─── DATA PROVIDED
definition semi_arc_k_visibility_graph :: "nat \<Rightarrow> 'v set \<Rightarrow> ('v \<Rightarrow> 'v \<Rightarrow> bool) \<Rightarrow> bool" where
  "semi_arc_k_visibility_graph k V E \<longleftrightarrow>
     (\<exists>alpha r theta. semi_arc_rep alpha r theta V \<and>
        (\<forall>a\<in>V. \<forall>b\<in>V. a \<noteq> b \<longrightarrow> (E a b \<longleftrightarrow> line_of_sight k alpha r theta V a b)))"

end

theory Submission
  imports Defs
begin

text \<open>Take arcs of radii 1, ..., 3k+4 starting on the positive real axis, with extents
  increasing with the radius: k+2 arcs shorter than a quarter turn, then k+1 arcs slightly
  longer than a half turn, then k+1 arcs longer than five eighths of a turn. Two arcs whose
  indices differ by at most k+1 see each other along the ray at the end of the shorter one,
  which meets only the arcs of intermediate radius. Any other pair sees each other along a
  diameter, from angle phi on the inner arc to phi + pi on the outer one. Such a diameter
  meets exactly the arcs that reach phi inside the inner radius or phi + pi inside the outer
  radius, and by the choice of the three groups of extents these are at most k consecutive
  arcs once phi is as large as the two arcs allow.\<close>

lemma norm_mem_sarc: "z \<in> sarc alpha r theta \<Longrightarrow> norm z = \<bar>r\<bar>"
  unfolding sarc_def by (auto simp: norm_mult)

lemma sarc_disjoint_radii:
  assumes "0 < r" "0 < r'" "r \<noteq> r'"
  shows "sarc alpha r theta \<inter> sarc alpha' r' theta' = {}"
  using assms norm_mem_sarc[of _ alpha r theta] norm_mem_sarc[of _ alpha' r' theta'] by force

lemma cis_mem_sarc: "0 \<le> phi \<Longrightarrow> phi \<le> theta \<Longrightarrow> complex_of_real r * cis phi \<in> sarc 0 r theta"
  unfolding sarc_def by auto

lemma polar_mem_sarc:
  assumes "complex_of_real s * cis psi \<in> sarc 0 r theta" "0 < r" "theta < 2*pi"
    "0 < s" "0 \<le> psi" "psi < 2*pi"
  shows "s = r \<and> psi \<le> theta"
proof -
  let ?z = "complex_of_real s * cis psi"
  from assms(1) obtain phi where z: "?z = complex_of_real r * cis phi" and phi: "0 \<le> phi" "phi \<le> theta"
    unfolding sarc_def by auto
  have "s = r"
    using norm_mem_sarc[OF assms(1)] assms(2,4) by (simp add: norm_mult)
  moreover have "Arg2pi ?z = psi"
    by (rule Arg2pi_unique[of s psi]) (use assms in \<open>auto simp: cis_conv_exp\<close>)
  moreover have "Arg2pi ?z = phi"
    unfolding z by (rule Arg2pi_unique[of r phi]) (use assms phi in \<open>auto simp: cis_conv_exp\<close>)
  ultimately show ?thesis using phi by simp
qed

lemma closed_segment_same_ray:
  assumes "z \<in> closed_segment (complex_of_real s * cis phi) (complex_of_real t * cis phi)" "s \<le> t"
  shows "\<exists>u. z = complex_of_real u * cis phi \<and> s \<le> u \<and> u \<le> t"
proof -
  from assms(1) obtain u where u: "0 \<le> u" "u \<le> 1"
    and z: "z = (1-u) *\<^sub>R (complex_of_real s * cis phi) + u *\<^sub>R (complex_of_real t * cis phi)"
    unfolding closed_segment_def by auto
  have "z = complex_of_real ((1-u) * s + u * t) * cis phi"
    using z by (simp add: scaleR_conv_of_real algebra_simps)
  moreover have "s \<le> (1-u) * s + u * t" "(1-u) * s + u * t \<le> t"
    using u assms(2) mult_left_mono[of s t u] mult_left_mono[of s t "1-u"] by (auto simp: algebra_simps)
  ultimately show ?thesis by blast
qed

lemma cis_add_pi: "cis (phi + pi) = - cis phi"
  by (simp add: cis_mult[symmetric])

lemma line_of_sightI:
  assumes "p \<in> sarc alpha (r a) (theta a)" "q \<in> sarc alpha (r b) (theta b)" "collinear {0, p, q}"
    "{c\<in>V-{a,b}. closed_segment p q \<inter> sarc alpha (r c) (theta c) \<noteq> {}} \<subseteq> S" "finite S" "card S \<le> k"
  shows "line_of_sight k alpha r theta V a b"
  unfolding line_of_sight_def
  using assms card_mono[OF assms(5,4)] by (intro exI[of _ p] exI[of _ q]) auto

lemma line_of_sight_sym:
  assumes "line_of_sight k alpha r theta V a b"
  shows "line_of_sight k alpha r theta V b a"
proof -
  obtain p q where pq: "p \<in> sarc alpha (r a) (theta a)" "q \<in> sarc alpha (r b) (theta b)"
    "collinear {0, p, q}"
    "card {c \<in> V - {a, b}. closed_segment p q \<inter> sarc alpha (r c) (theta c) \<noteq> {}} \<le> k"
    using assms unfolding line_of_sight_def by blast
  have "{0, q, p} = {0, p, q}" "V - {b, a} = V - {a, b}"
    by blast+
  then show ?thesis
    unfolding line_of_sight_def
    by (intro exI[of _ q] exI[of _ p]) (use pq in \<open>simp add: closed_segment_commute\<close>)
qed

lemma collinear_0_real_multiples:
  "collinear {0, complex_of_real s * w, complex_of_real t * w}"
proof (cases "s = 0")
  case False
  then have "complex_of_real t * w = (t / s) *\<^sub>R (complex_of_real s * w)"
    by (simp add: scaleR_conv_of_real)
  then show ?thesis
    unfolding collinear_lemma by blast
qed (simp add: collinear_lemma)

lemma line_of_sight_along_ray:
  assumes V: "finite V" "\<forall>v\<in>V. 0 < r v" and "a \<in> V"
    and ab: "r a \<le> r b" and phi: "0 \<le> phi" "phi \<le> theta a" "phi \<le> theta b"
    and few: "card {c\<in>V-{a,b}. r a \<le> r c \<and> r c \<le> r b} \<le> k"
  shows "line_of_sight k 0 r theta V a b"
proof (rule line_of_sightI)
  let ?p = "complex_of_real (r a) * cis phi" and ?q = "complex_of_real (r b) * cis phi"
  show "?p \<in> sarc 0 (r a) (theta a)" "?q \<in> sarc 0 (r b) (theta b)"
    using phi by (auto intro: cis_mem_sarc)
  show "collinear {0, ?p, ?q}"
    by (rule collinear_0_real_multiples)
  show "{c\<in>V-{a,b}. closed_segment ?p ?q \<inter> sarc 0 (r c) (theta c) \<noteq> {}}
      \<subseteq> {c\<in>V-{a,b}. r a \<le> r c \<and> r c \<le> r b}"
  proof (rule subsetI)
    fix c assume "c \<in> {c\<in>V-{a,b}. closed_segment ?p ?q \<inter> sarc 0 (r c) (theta c) \<noteq> {}}"
    then obtain z where c: "c \<in> V-{a,b}"
      and z: "z \<in> closed_segment ?p ?q" "z \<in> sarc 0 (r c) (theta c)" by blast
    obtain u where u: "z = complex_of_real u * cis phi" "r a \<le> u" "u \<le> r b"
      using closed_segment_same_ray[OF z(1) ab] by blast
    have "0 < u"
      using V(2) \<open>a \<in> V\<close> u(2) by fastforce
    moreover have "0 < r c"
      using V(2) c(1) by blast
    ultimately have "u = r c"
      using norm_mem_sarc[OF z(2)] u(1) by (simp add: norm_mult)
    with u c show "c \<in> {c\<in>V-{a,b}. r a \<le> r c \<and> r c \<le> r b}" by simp
  qed
qed (use V few in auto)

lemma line_of_sight_through_centre:
  assumes V: "finite V" "\<forall>v\<in>V. 0 < r v \<and> theta v < 2*pi" "a \<in> V" "b \<in> V"
    and phi: "0 \<le> phi" "phi \<le> theta a" "phi + pi \<le> theta b"
    and few: "card {c\<in>V-{a,b}. (r c \<le> r a \<and> phi \<le> theta c) \<or> (r c \<le> r b \<and> phi + pi \<le> theta c)} \<le> k"
  shows "line_of_sight k 0 r theta V a b"
proof (rule line_of_sightI)
  let ?p = "complex_of_real (r a) * cis phi" and ?q = "complex_of_real (r b) * cis (phi + pi)"
  have q: "?q = complex_of_real (- r b) * cis phi"
    by (simp add: cis_add_pi)
  have "phi + pi < 2*pi"
    using V(2,4) phi(3) by fastforce
  show "?p \<in> sarc 0 (r a) (theta a)" "?q \<in> sarc 0 (r b) (theta b)"
    using phi by (auto intro: cis_mem_sarc)
  show "collinear {0, ?p, ?q}"
    unfolding q by (rule collinear_0_real_multiples)
  show "{c\<in>V-{a,b}. closed_segment ?p ?q \<inter> sarc 0 (r c) (theta c) \<noteq> {}}
      \<subseteq> {c\<in>V-{a,b}. (r c \<le> r a \<and> phi \<le> theta c) \<or> (r c \<le> r b \<and> phi + pi \<le> theta c)}"
  proof (rule subsetI)
    fix c assume "c \<in> {c\<in>V-{a,b}. closed_segment ?p ?q \<inter> sarc 0 (r c) (theta c) \<noteq> {}}"
    then obtain z where c: "c \<in> V-{a,b}"
      and z: "z \<in> closed_segment ?q ?p" "z \<in> sarc 0 (r c) (theta c)"
      by (auto simp: closed_segment_commute)
    have rc: "0 < r c" "theta c < 2*pi" "0 < r a" "0 < r b"
      using V(2-4) c by auto
    obtain u where u: "z = complex_of_real u * cis phi" "- r b \<le> u" "u \<le> r a"
      using closed_segment_same_ray[OF z(1)[unfolded q]] rc by auto
    consider "0 < u" | "u < 0" | "u = 0" by linarith
    then show "c \<in> {c\<in>V-{a,b}. (r c \<le> r a \<and> phi \<le> theta c) \<or> (r c \<le> r b \<and> phi + pi \<le> theta c)}"
    proof cases
      case 1
      then show ?thesis
        using polar_mem_sarc[OF z(2)[unfolded u(1)] rc(1,2)] \<open>phi + pi < 2*pi\<close> phi(1) u c by auto
    next
      case 2
      have "z = complex_of_real (- u) * cis (phi + pi)"
        using u(1) by (simp add: cis_add_pi)
      with z(2) have "- u = r c \<and> phi + pi \<le> theta c"
        using polar_mem_sarc[of "- u" "phi + pi"] rc(1,2) \<open>phi + pi < 2*pi\<close> phi(1) 2 by simp
      then show ?thesis
        using u c by auto
    next
      case 3
      then show ?thesis
        using norm_mem_sarc[OF z(2)] u(1) rc(1) by simp
    qed
  qed
qed (use V few in auto)

definition half_turn :: "nat \<Rightarrow> nat" where
  "half_turn k = 8 * (k + 2)"

text \<open>Extents are measured in units of pi / half_turn k.\<close>

definition sweep :: "nat \<Rightarrow> nat \<Rightarrow> nat" where
  "sweep k v =
     (if v < k + 2 then 2 * (k + 2) + 2 * v
      else if v < 2 * k + 3 then half_turn k + 2 * (v - (k + 2))
      else 10 * (k + 2) + 2 * (v - (2 * k + 3)) + 1)"

lemma half_turn_eq: "half_turn k = 8 * k + 16"
  by (simp add: half_turn_def)

lemma strict_mono_sweep: "strict_mono (sweep k)"
  unfolding strict_mono_def sweep_def half_turn_def by auto

lemma sweep_bounds: "v < 3 * k + 4 \<Longrightarrow> 0 < sweep k v \<and> sweep k v < 2 * half_turn k"
  unfolding sweep_def half_turn_def by auto

lemma sweep_cases:
  "c < k + 2 \<and> sweep k c = 2 * k + 4 + 2 * c
   \<or> k + 2 \<le> c \<and> c < 2 * k + 3 \<and> sweep k c + 2 * k + 4 = 8 * k + 16 + 2 * c
   \<or> 2 * k + 3 \<le> c \<and> sweep k c + 4 * k + 6 = 10 * k + 21 + 2 * c"
  unfolding sweep_def half_turn_def by auto

text \<open>The arcs met by the diameter from angle pi * m / half_turn k on arc a to the opposite
  angle on arc b, for a < b (cf. line_of_sight_through_centre).\<close>

definition centre_blockers :: "nat \<Rightarrow> nat \<Rightarrow> nat \<Rightarrow> nat \<Rightarrow> nat set" where
  "centre_blockers k a b m = {c\<in>{0..<3 * k + 4}-{a,b}.
     (c \<le> a \<and> m \<le> sweep k c) \<or> (c \<le> b \<and> m + half_turn k \<le> sweep k c)}"

text \<open>The hypothesis repeats sweep_cases for c, so that each instance is a problem of linear
  arithmetic.\<close>

lemma centre_blockers_subset:
  assumes "\<And>c. c < 3 * k + 4 \<Longrightarrow> c < a \<or> a < c \<Longrightarrow> c < b \<or> b < c \<Longrightarrow>
      (c \<le> a \<and> m \<le> sweep k c) \<or> (c \<le> b \<and> m + 8 * k + 16 \<le> sweep k c) \<Longrightarrow>
      c < k + 2 \<and> sweep k c = 2 * k + 4 + 2 * c
      \<or> k + 2 \<le> c \<and> c < 2 * k + 3 \<and> sweep k c + 2 * k + 4 = 8 * k + 16 + 2 * c
      \<or> 2 * k + 3 \<le> c \<and> sweep k c + 4 * k + 6 = 10 * k + 21 + 2 * c \<Longrightarrow>
      lo \<le> c \<and> c < hi"
  shows "centre_blockers k a b m \<subseteq> {lo..<hi}"
  using assms sweep_cases unfolding centre_blockers_def half_turn_eq by (auto simp: nat_neq_iff)

text \<open>The diameter is turned as far counterclockwise as both arcs allow.\<close>

lemma card_centre_blockers_far:
  assumes "a + k + 1 < b" "b < 3 * k + 4"
  shows "card (centre_blockers k a b (min (sweep k a) (sweep k b - half_turn k))) \<le> k"
proof -
  define m where "m = min (sweep k a) (sweep k b - half_turn k)"
  have m_cases: "m = sweep k a \<and> sweep k a \<le> sweep k b - half_turn k
      \<or> m = sweep k b - half_turn k \<and> sweep k b - half_turn k \<le> sweep k a"
    unfolding m_def by linarith
  consider (middle) "b < 2 * k + 3" | (late) "2 * k + 3 \<le> b" "a + 2 * k + 3 \<le> b"
    | (early) "2 * k + 3 \<le> b" "b < a + 2 * k + 3"
    by linarith
  then obtain lo hi where blockers: "centre_blockers k a b m \<subseteq> {lo..<hi}" and "hi \<le> lo + k"
  proof cases
    case middle
    then have "m + 2 * k + 4 = 2 * b"
      using m_cases sweep_cases[of a k] sweep_cases[of b k] assms unfolding half_turn_eq by linarith
    then have "centre_blockers k a b m \<subseteq> {0..<a}"
      by (intro centre_blockers_subset) (use middle assms in \<open>elim disjE conjE; linarith\<close>)
    then show ?thesis
      by (rule that) (use middle assms in linarith)
  next
    case late
    then have "m = 2 * k + 4 + 2 * a"
      using m_cases sweep_cases[of a k] sweep_cases[of b k] assms unfolding half_turn_eq by linarith
    then have "centre_blockers k a b m \<subseteq> {a + 2 * k + 3..<b}"
      by (intro centre_blockers_subset) (use late assms in \<open>elim disjE conjE; linarith\<close>)
    then show ?thesis
      by (rule that) (use late assms in linarith)
  next
    case early
    then have "m + 2 * k + 1 = 2 * b"
      using m_cases sweep_cases[of a k] sweep_cases[of b k] assms unfolding half_turn_eq by linarith
    then have "centre_blockers k a b m \<subseteq> {b - (2 * k + 2)..<a}"
      by (intro centre_blockers_subset) (use early assms in \<open>elim disjE conjE; linarith\<close>)
    then show ?thesis
      by (rule that) (use early assms in linarith)
  qed
  have "card (centre_blockers k a b m) \<le> card {lo..<hi}"
    using blockers by (intro card_mono) auto
  with \<open>hi \<le> lo + k\<close> show ?thesis
    unfolding m_def by simp
qed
──────
◆ WHAT NEEDS TO BE DONE: Above are the records; print exactly the lines from the line with "using closed_segment_same_ray[OF z(1)[unfolded" to the line with "angle on arc", including both, and nothing else.

◆ SOLVED EXERCISE:
      using closed_segment_same_ray[OF z(1)[unfolded q]] rc by auto
    consider "0 < u" | "u < 0" | "u = 0" by linarith
    then show "c \<in> {c\<in>V-{a,b}. (r c \<le> r a \<and> phi \<le> theta c) \<or> (r c \<le> r b \<and> phi + pi \<le> theta c)}"
    proof cases
      case 1
      then show ?thesis
        using polar_mem_sarc[OF z(2)[unfolded u(1)] rc(1,2)] \<open>phi + pi < 2*pi\<close> phi(1) u c by auto
    next
      case 2
      have "z = complex_of_real (- u) * cis (phi + pi)"
        using u(1) by (simp add: cis_add_pi)
      with z(2) have "- u = r c \<and> phi + pi \<le> theta c"
        using polar_mem_sarc[of "- u" "phi + pi"] rc(1,2) \<open>phi + pi < 2*pi\<close> phi(1) 2 by simp
      then show ?thesis
        using u c by auto
    next
      case 3
      then show ?thesis
        using norm_mem_sarc[OF z(2)] u(1) rc(1) by simp
    qed
  qed
qed (use V few in auto)

definition half_turn :: "nat \<Rightarrow> nat" where
  "half_turn k = 8 * (k + 2)"

text \<open>Extents are measured in units of pi / half_turn k.\<close>

definition sweep :: "nat \<Rightarrow> nat \<Rightarrow> nat" where
  "sweep k v =
     (if v < k + 2 then 2 * (k + 2) + 2 * v
      else if v < 2 * k + 3 then half_turn k + 2 * (v - (k + 2))
      else 10 * (k + 2) + 2 * (v - (2 * k + 3)) + 1)"

lemma half_turn_eq: "half_turn k = 8 * k + 16"
  by (simp add: half_turn_def)

lemma strict_mono_sweep: "strict_mono (sweep k)"
  unfolding strict_mono_def sweep_def half_turn_def by auto

lemma sweep_bounds: "v < 3 * k + 4 \<Longrightarrow> 0 < sweep k v \<and> sweep k v < 2 * half_turn k"
  unfolding sweep_def half_turn_def by auto

lemma sweep_cases:
  "c < k + 2 \<and> sweep k c = 2 * k + 4 + 2 * c
   \<or> k + 2 \<le> c \<and> c < 2 * k + 3 \<and> sweep k c + 2 * k + 4 = 8 * k + 16 + 2 * c
   \<or> 2 * k + 3 \<le> c \<and> sweep k c + 4 * k + 6 = 10 * k + 21 + 2 * c"
  unfolding sweep_def half_turn_def by auto

text \<open>The arcs met by the diameter from angle pi * m / half_turn k on arc a to the opposite
  angle on arc b, for a < b (cf. line_of_sight_through_centre).\<close>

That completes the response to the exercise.